Whenever you add a suppression to one of the suppression files or exclude a test, you are required to also file a bug to track the error.

A good bug report should have the following:

  1. A link to the build cycle that the error first started appearing.
    Linking to an arbitrary result with the failure is not helpful; you should go back through the buildbot results to find when the error first started occurring and link to that cycle.
    See the next section for some tips on tracking this information down if it is not obvious from the buildbot logs.

  2. The output of the error, i.e the report, the test name and the generated suppression.
    Buildbot logs are only kept for a finite amount of time.
    You should always paste the symbolicated backtrace as well as the mangled suppression so that if the bug is left open for a while, the report is still useful.

  3. The revision corresponding to the stack traces in the output.

  4. Put the author of the CL that most likely caused the error in the Owner field.
    Use the failing build blamelist and 
    git annotate.
    Chromium codesearch can also be helpful.

    If there isn't an obvious author, you should CC the part of the blamelist of the build cycle and/or the past authors of the suspicious code that could be guilty.
    Sometimes the reports are flaky and show up only after a number of runs (especially Valgrind leak reports).
    In this case, please explicitly say that the report is flaky.

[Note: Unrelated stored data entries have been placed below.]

(* Let $d$ and $k$ be positive integers and let $p$ be the smallest positive integer such that $k<\kappa_p$. If $d$ does not divide $p$, then there exists a subset $\mathcal{X}$ of $\mathbb{P}^d_\circ$ such that $\kappa(\mathcal{X})\le k$ and $|\mathcal{X}|=\lfloor\lambda(d,k)\rfloor$.
   Context: A point of $\mathbb{Z}^d$ is primitive if its coordinates are relatively prime; $\mathbb{P}^d_\circ$ denotes the set of primitive points of $\mathbb{Z}^d$ whose first non-zero coordinate is positive. For a finite $\mathcal{X}\subset\mathbb{R}^d$, $\kappa(\mathcal{X})=\max_{1\le i\le d}\sum_{x\in\mathcal{X}}|x_i|$. $B(d,p)=\{x\in\mathbb{R}^d:\|x\|_1\le p\}$; $N_p=|B(d,p)\cap\mathbb{P}^d_\circ|$ and $\kappa_p=\kappa(B(d,p)\cap\mathbb{P}^d_\circ)$ (with $N_0=\kappa_0=0$). With $p$ as in the claim, $\lambda(d,k)=N_{p-1}+\frac{d(k-\kappa_{p-1})}{p}$. *)

theory Defs
  imports Complex_Main
begin

text \<open>Points of Z^d are represented as functions nat => int vanishing outside {..<d}.\<close>

definition zpoints :: "nat \<Rightarrow> (nat \<Rightarrow> int) set" where
  "zpoints d = {x. \<forall>i\<ge>d. x i = 0}"

definition primitive :: "nat \<Rightarrow> (nat \<Rightarrow> int) \<Rightarrow> bool" where
  "primitive d x \<longleftrightarrow> Gcd (x ` {..<d}) = 1"

definition Pcirc :: "nat \<Rightarrow> (nat \<Rightarrow> int) set" where
  "Pcirc d = {x \<in> zpoints d. primitive d x \<and>
       (\<exists>i<d. x i > 0 \<and> (\<forall>j<i. x j = 0))}"
(* Let $\mathcal{C}$ be an $[n,k]$ MDS code over $\mathbb{F}_q$ with generator matrix $\mathbf{G}\in\mathbb{F}_q^{k\times n}$, let $\mathbf{X}$ be uniformly distributed over $\mathbb{F}_q^{\alpha m\times k}$ and $\mathbf{Y}=\mathbf{X}\mathbf{G}\in\mathbb{F}_q^{\alpha m\times n}$. Let $\mathbf{q}\in\mathbb{F}_q^{\alpha m\times\beta n}$ be such that for every $\mathcal{T}\subseteq[n]$ with $|\mathcal{T}|=t$ and every nonempty $\mathcal{F}\subseteq[m]$, $$\mathrm{rank}(\mathbf{q}[\psi_\alpha(\mathcal{F}),\psi_\beta(\mathcal{T})])=|\mathrm{colsupp}(\mathbf{q}[\psi_\alpha(\mathcal{F}),\psi_\beta(\mathcal{T})])|.$$ Then for every nonempty $\mathcal{F}\subseteq[m]$ and every $\mathcal{N}\subseteq[n]$ with $|\mathcal{N}|=k+t-1$, $$H\Big(\sum_{l\in\psi_\alpha(\mathcal{F})}(\mathbf{Y}[l,\mathcal{N}]\otimes\mathbf{1}_\beta)\star\mathbf{q}[l,\psi_\beta(\mathcal{N})]\Big)=|\mathrm{colsupp}(\mathbf{q}[\psi_\alpha(\mathcal{F}),\psi_\beta(\mathcal{N})])|,$$ with entropy measured in $q$-ary units.
   Context: $\psi_\beta(\mathcal{I})=\bigcup_{i\in\mathcal{I}}\{(i-1)\beta+1,\dots,i\beta\}$; $\mathbf{W}[\mathcal{I},\mathcal{J}]$ is the submatrix with rows $\mathcal{I}$ and columns $\mathcal{J}$ ($l$ alone denotes the single row $l$); $\mathrm{colsupp}(\mathbf{W})$ is the set of indices of nonzero columns. $\mathbf{1}_\beta$ is the all-one row vector of length $\beta$, $\otimes$ the Kronecker product (so $\mathbf{Y}[l,\mathcal{N}]\otimes\mathbf{1}_\beta$ repeats each entry $\beta$ times), and $\star$ the entrywise (Hadamard) product. *)

theory Defs
  imports "Jordan_Normal_Form.DL_Rank_Submatrix"
begin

  5. This relates to the first point: it is very important to track down the first instance of the failure so this information is accurate.

  6. Apply appropriate labels to the bug: Stability-ValgrindStability-Memory-DrMemoryStability-ThreadSanitizer, Stability-Memory-MemorySanitizer.
    Also indicate the platform on which the failure occured using the OS labels.

  7. When the bug is fixed - check that the suppression is removed!

The title of the bug report should indicate the type of error that the tool reported (e.g. "Memory leak in Foo.Bar since r123456")
The type of failure is reported as the second line of the suppression for Valgrind.
Some common ones are 
Memcheck:LeakMemcheck:Uninitialized and Memcheck:Unaddressable.  For Dr. Memory the type of error is in the title and typically is one of UNADDRESSABLE ACCESS, UNINITIALIZED READ, GDI USAGE ERROR, or HANDLE LEAK.  If you see an unaddressable error (Memcheck:Unaddressable or UNADDRESSABLE ACCESS), you may consider reverting the guilty change (see related section above).